◆ TASK REQUIREMENTS
Go through the records, and copy each line in which the string "ultimately" is present.

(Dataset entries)
lemma exp_regret_coin_policy_sum_ge:
  assumes "0 \<le> e" and "2 * e \<le> 1" and "0 \<le> M" and "k \<le> n"
  defines "r \<equiv> \<lambda>_ a. real a * M"
  shows "(1 - 2 * e) ^ k * (e * M * k) \<le>
           exp_regret start stay (coin_policy (coin_prob e)) r 1 {1, 0} alg n
           + exp_regret start stay (coin_policy (relabel 1 0 (coin_prob e))) r 1 {1, 0} alg n"
proof (rule exp_regret_pair_sum_ge)
  have range: "coin_prob e \<theta> \<in> {e, 2 * e}" "relabel 1 0 (coin_prob e) \<theta> \<in> {e, 2 * e}" for \<theta>
    by (auto simp: coin_prob_def relabel_def)
  have prob: "coin_prob e \<theta> \<in> {0..1}" "relabel 1 0 (coin_prob e) \<theta> \<in> {0..1}" for \<theta>
    using range[of \<theta>] assms by auto
  have gap\<^sub>1: "gap start stay (coin_policy (coin_prob e)) r 1 {1, 0} \<theta> = (if \<theta> = 1 then 0 else e * M)"
    and gap\<^sub>2: "gap start stay (coin_policy (relabel 1 0 (coin_prob e))) r 1 {1, 0} \<theta>
                 = (if \<theta> = 0 then 0 else e * M)" for \<theta>
    unfolding r_def gap_coin_policy[OF prob(1) \<open>0 \<le> M\<close>] gap_coin_policy[OF prob(2) \<open>0 \<le> M\<close>]
    using \<open>0 \<le> e\<close> by (auto simp: coin_prob_def relabel_def algebra_simps)
  show "0 \<le> gap start stay (coin_policy (coin_prob e)) r 1 {1, 0} \<theta>
        \<and> gap start stay (coin_policy (coin_prob e)) r 1 {1, 0} \<theta> \<le> e * M"
    "0 \<le> gap start stay (coin_policy (relabel 1 0 (coin_prob e))) r 1 {1, 0} \<theta>
        \<and> gap start stay (coin_policy (relabel 1 0 (coin_prob e))) r 1 {1, 0} \<theta> \<le> e * M"
    "e * M \<le> gap start stay (coin_policy (coin_prob e)) r 1 {1, 0} \<theta>
        + gap start stay (coin_policy (relabel 1 0 (coin_prob e))) r 1 {1, 0} \<theta>" for \<theta>
    unfolding gap\<^sub>1 gap\<^sub>2 using assms by auto
  show "1 - 2 * e \<le> pmf (traj_dist start stay (coin_policy (coin_prob e) \<theta>) 1) [(0, 0)]"
    "1 - 2 * e \<le> pmf (traj_dist start stay (coin_policy (relabel 1 0 (coin_prob e)) \<theta>) 1) [(0, 0)]"
    for \<theta>
    unfolding pmf_traj_dist_coin_policy_zero[of "coin_prob e", OF prob(1)]
    pmf_traj_dist_coin_policy_zero[of "relabel 1 0 (coin_prob e)", OF prob(2)]
    using range[of \<theta>] assms by auto
qed (use assms in auto)

lemma inverse_le_power_mult_ceiling:
  fixes \<Delta> :: real
  assumes "0 < \<Delta>"
  defines "k \<equiv> nat \<lceil>1 / \<Delta>\<^sup>2\<rceil>"
  shows "1 / (2 * \<Delta>) \<le> (1 - 1 / (2 * (real k + 1))) ^ k * (\<Delta> * k)"
proof -
  have "1 / 2 \<le> 1 + real k * (- 1 / (2 * (real k + 1)))"
    by (simp add: field_simps)
  also have "\<dots> \<le> (1 - 1 / (2 * (real k + 1))) ^ k"
    using Bernoulli_inequality[of "- 1 / (2 * (real k + 1))" k] by (simp add: field_simps)
  finally have "1 / 2 \<le> (1 - 1 / (2 * (real k + 1))) ^ k" .
  moreover have "1 / \<Delta>\<^sup>2 \<le> k"
    unfolding k_def by (rule real_nat_ceiling_ge)
  then have "1 / \<Delta> \<le> \<Delta> * k"
    using \<open>0 < \<Delta>\<close> by (simp add: field_simps power2_eq_square)
  ultimately have "1 / 2 * (1 / \<Delta>) \<le> (1 - 1 / (2 * (real k + 1))) ^ k * (\<Delta> * k)"
    using \<open>0 < \<Delta>\<close> by (intro mult_mono) auto
  then show ?thesis
    by simp
qed

theorem theorem1:
  fixes \<Delta> :: real
  assumes "0 < \<Delta>" and "\<Delta> \<le> 1"
  shows "\<exists>(mu :: nat pmf) (P :: nat \<Rightarrow> nat \<Rightarrow> nat pmf) (pol :: real \<Rightarrow> nat \<Rightarrow> nat pmf)
            (r :: nat \<Rightarrow> nat \<Rightarrow> real) (H :: nat) (\<theta>\<^sub>1 :: real) (\<theta>\<^sub>2 :: real).
     \<theta>\<^sub>1 \<noteq> \<theta>\<^sub>2 \<and>
     (\<forall>\<theta>\<in>{\<theta>\<^sub>1, \<theta>\<^sub>2}. integrable (measure_pmf (traj_dist mu P (pol \<theta>) H)) (ret r)) \<and>
     KL_pmf (traj_dist mu P (pol \<theta>\<^sub>1) H) (traj_dist mu P (pol \<theta>\<^sub>2) H) < \<infinity> \<and>
     KL_pmf (traj_dist mu P (pol \<theta>\<^sub>2) H) (traj_dist mu P (pol \<theta>\<^sub>1) H) < \<infinity> \<and>
     Jret mu P pol r H \<theta>\<^sub>1 - Jret mu P pol r H \<theta>\<^sub>2 = \<Delta> \<and>
     (\<exists>N. \<forall>n\<ge>N. \<forall>alg :: (real, nat, nat) history \<Rightarrow> real pmf.
        (\<forall>hist. set_pmf (alg hist) \<subseteq> {\<theta>\<^sub>1, \<theta>\<^sub>2}) \<longrightarrow>
        max (exp_regret mu P pol r H {\<theta>\<^sub>1, \<theta>\<^sub>2} alg n)
            (exp_regret mu P (relabel \<theta>\<^sub>1 \<theta>\<^sub>2 pol) r H {\<theta>\<^sub>1, \<theta>\<^sub>2} alg n)
          \<ge> 1 / (32 * \<Delta>))"
proof -
  define k where "k = nat \<lceil>1 / \<Delta>\<^sup>2\<rceil>"
  define e where "e = 1 / (4 * (real k + 1))"
  define M where "M = \<Delta> / e"
  define r where "r = (\<lambda>(_::nat) a. real a * M)"
  define q where "q = coin_prob e"
  have e: "0 < e" "2 * e < 1" "1 - 2 * e = 1 - 1 / (2 * (real k + 1))" and "e * M = \<Delta>" "0 \<le> M"
    using \<open>0 < \<Delta>\<close> by (auto simp: e_def M_def field_simps)
  have prob: "q \<theta> \<in> {0<..<1}" "q \<theta> \<in> {0..1}" for \<theta>
    using e(1,2) by (simp_all add: q_def coin_prob_def)
  have regret: "1 / (32 * \<Delta>) \<le> max (exp_regret start stay (coin_policy q) r 1 {1, 0} alg n)
      (exp_regret start stay (relabel 1 0 (coin_policy q)) r 1 {1, 0} alg n)" if "k \<le> n" for n alg
  proof -
    have "1 / (2 * \<Delta>) \<le> exp_regret start stay (coin_policy q) r 1 {1, 0} alg n
        + exp_regret start stay (relabel 1 0 (coin_policy q)) r 1 {1, 0} alg n"
      using exp_regret_coin_policy_sum_ge[of e M k n alg] inverse_le_power_mult_ceiling[OF \<open>0 < \<Delta>\<close>]
        e \<open>e * M = \<Delta>\<close> \<open>0 \<le> M\<close> that
      unfolding relabel_coin_policy q_def r_def k_def by simp
    moreover have "1 / (32 * \<Delta>) \<le> 1 / (4 * \<Delta>)"
      using \<open>0 < \<Delta>\<close> by (simp add: frac_le)
    ultimately show ?thesis
      by (simp add: max_def)
  qed
  show ?thesis
  proof (intro exI conjI)
    show "\<forall>\<theta>\<in>{1, 0}. integrable (measure_pmf (traj_dist start stay (coin_policy q \<theta>) 1)) (ret r)"
      by (intro ballI integrable_traj_dist_coin_policy)
    show "KL_pmf (traj_dist start stay (coin_policy q 1) 1) (traj_dist start stay (coin_policy q 0) 1) < \<infinity>"
         "KL_pmf (traj_dist start stay (coin_policy q 0) 1) (traj_dist start stay (coin_policy q 1) 1) < \<infinity>"
      by (intro KL_pmf_traj_dist_coin_policy_less_infinity prob)+
    show "Jret start stay (coin_policy q) r 1 1 - Jret start stay (coin_policy q) r 1 0 = \<Delta>"
      unfolding r_def Jret_coin_policy[of q, OF prob(2)] using \<open>e * M = \<Delta>\<close>
      by (simp add: q_def coin_prob_def algebra_simps)
  \<comment> \<open>The gaps are bounded for every parameter.\<close>
  qed (use regret in auto)
qed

◆ SOLUTION TO THIS TASK
  ultimately have "1 / 2 * (1 / \<Delta>) \<le> (1 - 1 / (2 * (real k + 1))) ^ k * (\<Delta> * k)"
    ultimately show ?thesis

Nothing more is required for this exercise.